EPPIC: Easing Pelvic Pain Interventions Clinical Research Program

Sponsor: State University of New York at Buffalo

View on ClinicalTrials.gov

Summary

The EPPIC (Easing Pelvic Pain Interventions Clinical Research Program) study evaluates an ultra-brief, 4 session cognitive behavioral pain treatment transdiagnostic in design for urologic chronic pain syndrome (UCPPS) with clinical and practical advantages over existing behavioral therapies whose length and focus limits their adoption by clinicians and coverage for mechanistically similar comorbidities.

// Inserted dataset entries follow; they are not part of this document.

(* ${\bf Forb}(\Gamma_{\leq 1})=\{P_3\}$, where $P_3$ is the path on three vertices.
   Context: For a finite graph $G$ and indeterminates $X_G=\{x_u : u\in V(G)\}$, the generalized Laplacian matrix $L(G,X_G)$ is the $V(G)\times V(G)$ matrix over $\mathbb{Z}[X_G]$ with $(u,u)$-entry $x_u$ and $(u,v)$-entry $-m_{uv}$ for $u\ne v$, $m_{uv}$ being the number of edges between $u$ and $v$. The $i$-th critical ideal $I_i(G,X_G)$ is the ideal of $\mathbb{Z}[X_G]$ generated by all $i\times i$ minors of $L(G,X_G)$ (with $I_i=\langle1\rangle$ for $i<1$, $I_i=\langle 0\rangle$ for $i>|V(G)|$). The algebraic co-rank $\gamma(G)$ is the number of critical ideals of $G$ equal to $\langle 1\rangle$. $\Gamma_{\le k}$ is the set of simple connected graphs $G$ with $\gamma(G)\le k$. A graph $G$ is forbidden for $\Gamma_{\le k}$ if $\gamma(G)\ge k+1$; ${\bf Forb}(\Gamma_{\le k})$ is the set of minimal (with respect to taking induced subgraphs) simple connected forbidden graphs for $\Gamma_{\le k}$; equivalently, the simple connected graphs $G$ with $\gamma(G)=k+1$ such that $\gamma(G\setminus v)<\gamma(G)$ for every vertex $v$ of $G$. *)

theory Defs
  imports "HOL-Library.Poly_Mapping" "Jordan_Normal_Form.Determinant"
begin

text \<open>Multivariate integer polynomials in indeterminates indexed by 'a:
  monomials are finitely supported exponent maps 'a \<Rightarrow>0 nat.\<close>
type_synonym 'a mpoly_int = "('a \<Rightarrow>\<^sub>0 nat) \<Rightarrow>\<^sub>0 int"

definition var :: "'a \<Rightarrow> 'a mpoly_int" where
  "var u = Poly_Mapping.single (Poly_Mapping.single u 1) 1"

definition simple_graph :: "'a set \<Rightarrow> ('a \<Rightarrow> 'a \<Rightarrow> bool) \<Rightarrow> bool" where
  "simple_graph V E \<longleftrightarrow> finite V \<and>
     (\<forall>u v. E u v \<longrightarrow> u \<in> V \<and> v \<in> V \<and> u \<noteq> v \<and> E v u)"

definition connected_graph :: "'a set \<Rightarrow> ('a \<Rightarrow> 'a \<Rightarrow> bool) \<Rightarrow> bool" where
  "connected_graph V E \<longleftrightarrow> V \<noteq> {} \<and> (\<forall>u\<in>V. \<forall>v\<in>V. E\<^sup>*\<^sup>* u v)"

definition induced :: "('a \<Rightarrow> 'a \<Rightarrow> bool) \<Rightarrow> 'a set \<Rightarrow> 'a \<Rightarrow> 'a \<Rightarrow> bool" where
  "induced E W = (\<lambda>u v. E u v \<and> u \<in> W \<and> v \<in> W)"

A theoretically informed, practical, empirically grounded approach will systematically unpack CBT's working mechanisms, clarify for whom it works, ease dissemination, appeal to patients, providers, payers, and policy makers in the COVID-19 era favoring low resource intensity treatments, and reduce cost and inefficiencies associated with high intensity therapies whose complexity, length, and scarcity restricts uptake and impact.

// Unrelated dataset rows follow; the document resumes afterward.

text \<open>If \<open>Z\<^sub>1, \<dots>, Z\<^sub>k\<close> are i.i.d. with density \<open>f\<close> on \<open>[0,1]\<close>, the empirical coefficients
  estimate those of \<open>p\<close> with mean-square error at most the variance term \<open>m c0\<^sup>2/k\<close>
  plus the squared coefficient distance between \<open>f\<close> and \<open>p\<close>, which Bessel's inequality
  bounds by \<open>\<parallel>f - p\<parallel>\<^sup>2\<close>.\<close>
lemma sample_coefficient_risk:
  fixes f :: "real \<Rightarrow> real" and k m :: nat
  assumes fm: "f \<in> borel_measurable borel" and f0: "\<And>x. x \<in> {0..1} \<Longrightarrow> 0 \<le> f x"
    and fL2: "integrable U01 (\<lambda>x. (f x)\<^sup>2)" and f1: "integral\<^sup>L U01 f = 1" and k: "k \<ge> 1"
  shows "integrable (PiM {1..k} (\<lambda>_. dens01 f))
           (\<lambda>Z. \<Sum>j=1..m. ((\<Sum>i\<in>{1..k}. \<psi> j (Z i)) / real k - \<beta> j)\<^sup>2)"
    "integral\<^sup>L (PiM {1..k} (\<lambda>_. dens01 f)) (\<lambda>Z. \<Sum>j=1..m. ((\<Sum>i\<in>{1..k}. \<psi> j (Z i)) / real k - \<beta> j)\<^sup>2)
         \<le> real m * c0\<^sup>2 / real k + integral\<^sup>L U01 (\<lambda>x. (f x - p x)\<^sup>2)"
proof -
  have fU: "f \<in> borel_measurable U01" using measurable_U01[OF fm] .
  note D = dens01_facts[OF fm f0 L2_L1[OF fU fL2] f1]
  let ?Q = "dens01 f" and ?P = "PiM {1..k} (\<lambda>_. dens01 f)"
  let ?a = "\<lambda>j Z. ((\<Sum>i\<in>{1..k}. \<psi> j (Z i)) / real k - \<beta> j)\<^sup>2"
  have bounded: "AE x in ?Q. \<bar>\<psi> j x\<bar> \<le> c0" if "j \<ge> 1" for j
  proof (rule AE_mp[OF D(2)])
    show "AE x in ?Q. x \<in> {0..1} \<longrightarrow> \<bar>\<psi> j x\<bar> \<le> c0"
      by (intro AE_I2 impI psi_bnd[OF that])
  qed
  have mse: "integrable ?P (?a j) \<and> integral\<^sup>L ?P (?a j) \<le> c0\<^sup>2 / real k + (integral\<^sup>L ?Q (\<psi> j) - \<beta> j)\<^sup>2"
    if "j \<in> {1..m}" for j
    using empirical_mean_mse[OF D(1) _ bounded, of j "{1..k}" "\<beta> j"] that k psi_meas
    by (simp add: measurable_dens01_iff)
  show "integrable ?P (\<lambda>Z. \<Sum>j=1..m. ?a j Z)" using mse by auto
  have coeff_diff: "integral\<^sup>L ?Q (\<psi> j) - \<beta> j = integral\<^sup>L U01 (\<lambda>x. (f x - p x) * \<psi> j x)"
    if "j \<in> {1..m}" for j
  proof -
    have "integral\<^sup>L U01 (\<lambda>x. (f x - p x) * \<psi> j x)
        = integral\<^sup>L U01 (\<lambda>x. f x * \<psi> j x) - integral\<^sup>L U01 (\<lambda>x. p x * \<psi> j x)"
      using psi_mult_integrable[OF fU fL2] p_psi_integrable that by (simp add: left_diff_distrib)
    then show ?thesis using D(3) psi_meas coefficient_eq that by simp
  qed
  have "integral\<^sup>L ?P (\<lambda>Z. \<Sum>j=1..m. ?a j Z) = (\<Sum>j=1..m. integral\<^sup>L ?P (?a j))"
    using mse by (intro Bochner_Integration.integral_sum) auto
  also have "\<dots> \<le> (\<Sum>j=1..m. c0\<^sup>2 / real k + (integral\<^sup>L U01 (\<lambda>x. (f x - p x) * \<psi> j x))\<^sup>2)"
    using mse coeff_diff by (intro sum_mono) auto
  also have "\<dots> = real m * c0\<^sup>2 / real k + (\<Sum>j=1..m. (integral\<^sup>L U01 (\<lambda>x. (f x - p x) * \<psi> j x))\<^sup>2)"
    by (simp add: sum.distrib)
  also have "\<dots> \<le> real m * c0\<^sup>2 / real k + integral\<^sup>L U01 (\<lambda>x. (f x - p x)\<^sup>2)"
    using bessel_inequality[of "\<lambda>x. f x - p x" "{1..m}"] L2_diff[OF fU fL2 p_meas_U01 p_L2]
      fU p_meas_U01 by auto
  finally show "integral\<^sup>L ?P (\<lambda>Z. \<Sum>j=1..m. ?a j Z) \<le> real m * c0\<^sup>2 / real k + integral\<^sup>L U01 (\<lambda>x. (f x - p x)\<^sup>2)" .
qed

Official title: A Brief, Transdiagnostic Cognitive Behavioral Treatment for Urological Chronic Pelvic Pain Syndrome: Processes, Predictions, Outcomes

Key Details

Gender

All

Age Range

18 Years - 70 Years

Study Type

INTERVENTIONAL

Enrollment

240

Start Date

2022-08-10

Completion Date

2028-07-31

Last Updated

2026-01-26

Healthy Volunteers

No

Interventions

BEHAVIORAL

Minimal Contact-Cognitive Behavior Therapy

This 4 session largely home-based version of CBT with minimal therapist contact treatment is aimed at improving UCPPS symptoms by teaching symptom self-management skills that modify illness beliefs, information processing strategies, and reactions that aggravate pelvic pain and urinary symptoms.

BEHAVIORAL

Patient Education/Support

This 4 session largely home-based treatment is aimed at improving UCPPS symptoms through the provision of support and science-based information about UCPPS symptoms, how it is diagnosed, its causes, impacts, and triggers, treatment options and a collaborative relationship between the patient and clinician.

Locations (3)

UCLA

Los Angeles, California, United States

University of Michigan

Ann Arbor, Michigan, United States

University at Buffalo (the only clinical site where treatment is delivered)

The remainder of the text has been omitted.